lemma vertex_on_first_side_near:
  assumes "strongly_hyperbolic G \<delta>"
    and P: "geodesic G (x,P,y)" and Q: "geodesic G (y,Q,z)" and R: "geodesic G (x,R,z)"
    and "w \<in> set (awalk_verts x P)"
  obtains (second_side) Q1 Q2 v g where "Q = Q1 @ Q2" "geodesic G (y,Q1,v)" "geodesic G (v,Q2,z)"
      "geodesic G (w,g,v)" "real (length g) \<le> \<delta>"
    | (third_side) R1 R2 v g where "R = R1 @ R2" "geodesic G (x,R1,v)" "geodesic G (v,R2,z)"
      "geodesic G (v,g,w)" "real (length g) \<le> \<delta>"
proof -
  have "(\<exists>v\<in>set (awalk_verts x R). dist_le G v w \<delta>) \<or> (\<exists>v\<in>set (awalk_verts y Q). dist_le G w v \<delta>)"
    using thin_triangle_of_geodesics[OF assms(1) P Q R] assms(5)
    by (auto simp: thin_triangle_def pverts_def pstart_def parcs_def out_ball_def in_ball_def)
  then show ?thesis
  proof (elim disjE bexE)
    fix v assume "v \<in> set (awalk_verts x R)" "dist_le G v w \<delta>"
    then show ?thesis
      by (elim geodesic_split_at_vertex[OF R] geodesic_if_dist_le) (rule third_side; assumption)
  next
    fix v assume "v \<in> set (awalk_verts y Q)" "dist_le G w v \<delta>"
    then show ?thesis
      by (elim geodesic_split_at_vertex[OF Q] geodesic_if_dist_le) (rule second_side; assumption)
  qed
qed

lemma vertex_on_second_side_near:
  assumes "strongly_hyperbolic G \<delta>"
    and P: "geodesic G (x,P,y)" and Q: "geodesic G (y,Q,z)" and R: "geodesic G (x,R,z)"
    and "w \<in> set (awalk_verts y Q)"
  obtains (first_side) P1 P2 v g where "P = P1 @ P2" "geodesic G (x,P1,v)" "geodesic G (v,P2,y)"
      "geodesic G (v,g,w)" "real (length g) \<le> \<delta>"
    | (third_side) R1 R2 v g where "R = R1 @ R2" "geodesic G (x,R1,v)" "geodesic G (v,R2,z)"
      "geodesic G (w,g,v)" "real (length g) \<le> \<delta>"
proof -
  have "(\<exists>v\<in>set (awalk_verts x P). dist_le G v w \<delta>) \<or> (\<exists>v\<in>set (awalk_verts x R). dist_le G w v \<delta>)"
    using thin_triangle_of_geodesics[OF assms(1) P Q R] assms(5)
    by (auto simp: thin_triangle_def pverts_def pstart_def parcs_def out_ball_def in_ball_def)
  then show ?thesis
  proof (elim disjE bexE)
    fix v assume "v \<in> set (awalk_verts x P)" "dist_le G v w \<delta>"
    then show ?thesis
      by (elim geodesic_split_at_vertex[OF P] geodesic_if_dist_le) (rule first_side; assumption)
  next
    fix v assume "v \<in> set (awalk_verts x R)" "dist_le G w v \<delta>"
    then show ?thesis
      by (elim geodesic_split_at_vertex[OF R] geodesic_if_dist_le) (rule third_side; assumption)
  qed
qed

end

subsection \<open>Homotopy of paths\<close>

context wf_digraph begin

lemma cell_step_iff:
  "cell_step G Ts P P' \<longleftrightarrow> pstart P' = pstart P \<and> pend P' = pend P \<and>
     (\<exists>(p,q,r)\<in>set Ts. \<exists>a b. awalk (pstart P) a (pstart p) \<and>
        {parcs P, parcs P'} = {a @ parcs p @ parcs q @ b, a @ parcs r @ b})"
  unfolding cell_step_def doubleton_eq_iff by (simp add: pcomp_def parcs_def)

lemma homotopic_sym: "homotopic G Ts P P' \<Longrightarrow> homotopic G Ts P' P"
proof -
  have "symp (cell_step G Ts)"
    unfolding cell_step_iff by (rule sympI) (auto simp: insert_commute)
  then show "homotopic G Ts P P' \<Longrightarrow> homotopic G Ts P' P"
    unfolding homotopic_def by (metis symp_rtranclp sympD)
qed

lemma homotopic_trans: "homotopic G Ts P P' \<Longrightarrow> homotopic G Ts P' P'' \<Longrightarrow> homotopic G Ts P P''"
  unfolding homotopic_def by (rule rtranclp_trans)

lemma homotopic_mono: "set Ts \<subseteq> set Ts' \<Longrightarrow> homotopic G Ts P P' \<Longrightarrow> homotopic G Ts' P P'"
proof -
  assume "set Ts \<subseteq> set Ts'"
  then have "cell_step G Ts P P' \<longrightarrow> cell_step G Ts' P P'" for P P'
    unfolding cell_step_iff by blast
  then show "homotopic G Ts P P' \<Longrightarrow> homotopic G Ts' P P'"
    unfolding homotopic_def using mono_rtranclp[of "cell_step G Ts" "cell_step G Ts'"] by blast
qed

lemma homotopic_cell:
  assumes "((u,A,v),(v,B,w),(u,C,w)) \<in> set Ts" "u \<in> verts G"
  shows "homotopic G Ts (u, A @ B, w) (u, C, w)"
proof -
  have "cell_step G Ts (u, A @ B, w) (u, C, w)"
    unfolding cell_step_iff pstart_def pend_def parcs_def
    using assms by (intro conjI bexI[OF _ assms(1)]) (auto intro!: exI[of _ "[]"] simp: awalk_Nil_iff)
  then show ?thesis by (simp add: homotopic_def)
qed

lemma homotopic_context:
  assumes "homotopic G Ts (v,A,w) (v,C,w)" and pre: "awalk u pre v"
  shows "homotopic G Ts (u, pre @ A @ suf, z) (u, pre @ C @ suf, z)"
proof -
  define f where "f P = (u, pre @ parcs P @ suf, z)" for P :: "('a,'b) dpath"
  have lift: "cell_step G Ts (f P) (f P')" if step: "cell_step G Ts P P'" and start: "pstart P = v" for P P'
  proof -
    obtain p q r a b where T: "(p,q,r) \<in> set Ts" and a: "awalk v a (pstart p)"
      and arcs: "{parcs P, parcs P'} = {a @ parcs p @ parcs q @ b, a @ parcs r @ b}"
      using step start unfolding cell_step_iff by blast
    have arcs': "{parcs (f P), parcs (f P')} =
        {(pre @ a) @ parcs p @ parcs q @ (b @ suf), (pre @ a) @ parcs r @ (b @ suf)}"
      using arcs unfolding f_def parcs_def doubleton_eq_iff by auto
    have "awalk (pstart (f P)) (pre @ a) (pstart p)"
      using awalk_appendI[OF pre a] by (simp only: f_def pstart_def fst_conv)
    moreover have "pstart (f P') = pstart (f P)" "pend (f P') = pend (f P)"
      by (simp_all add: f_def pstart_def pend_def)
    ultimately show ?thesis
      using T arcs' unfolding cell_step_iff by blast
  qed
  have "(cell_step G Ts)\<^sup>*\<^sup>* (f (v,A,w)) (f P) \<and> pstart P = v"
    if "(cell_step G Ts)\<^sup>*\<^sup>* (v,A,w) P" for P
    using that
  proof (induction rule: rtranclp_induct)
    case base then show ?case by (simp add: pstart_def)
  next
    case (step P P')
    then have "pstart P' = v" by (simp add: cell_step_iff)
    with step lift show ?case by (meson rtranclp.rtrancl_into_rtrancl)
  qed
  from this[of "(v,C,w)"] assms(1) show ?thesis
    by (simp add: homotopic_def f_def parcs_def)
qed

========================================

#### [ABOUT THIS EXERCISE]
Please return every line of the material above that includes "case".

#### [SOLUTION TO THE EXERCISE]
    case base then show ?case by (simp add: pstart_def)
    case (step P P')
    with step lift show ?case by (meson rtranclp.rtrancl_into_rtrancl)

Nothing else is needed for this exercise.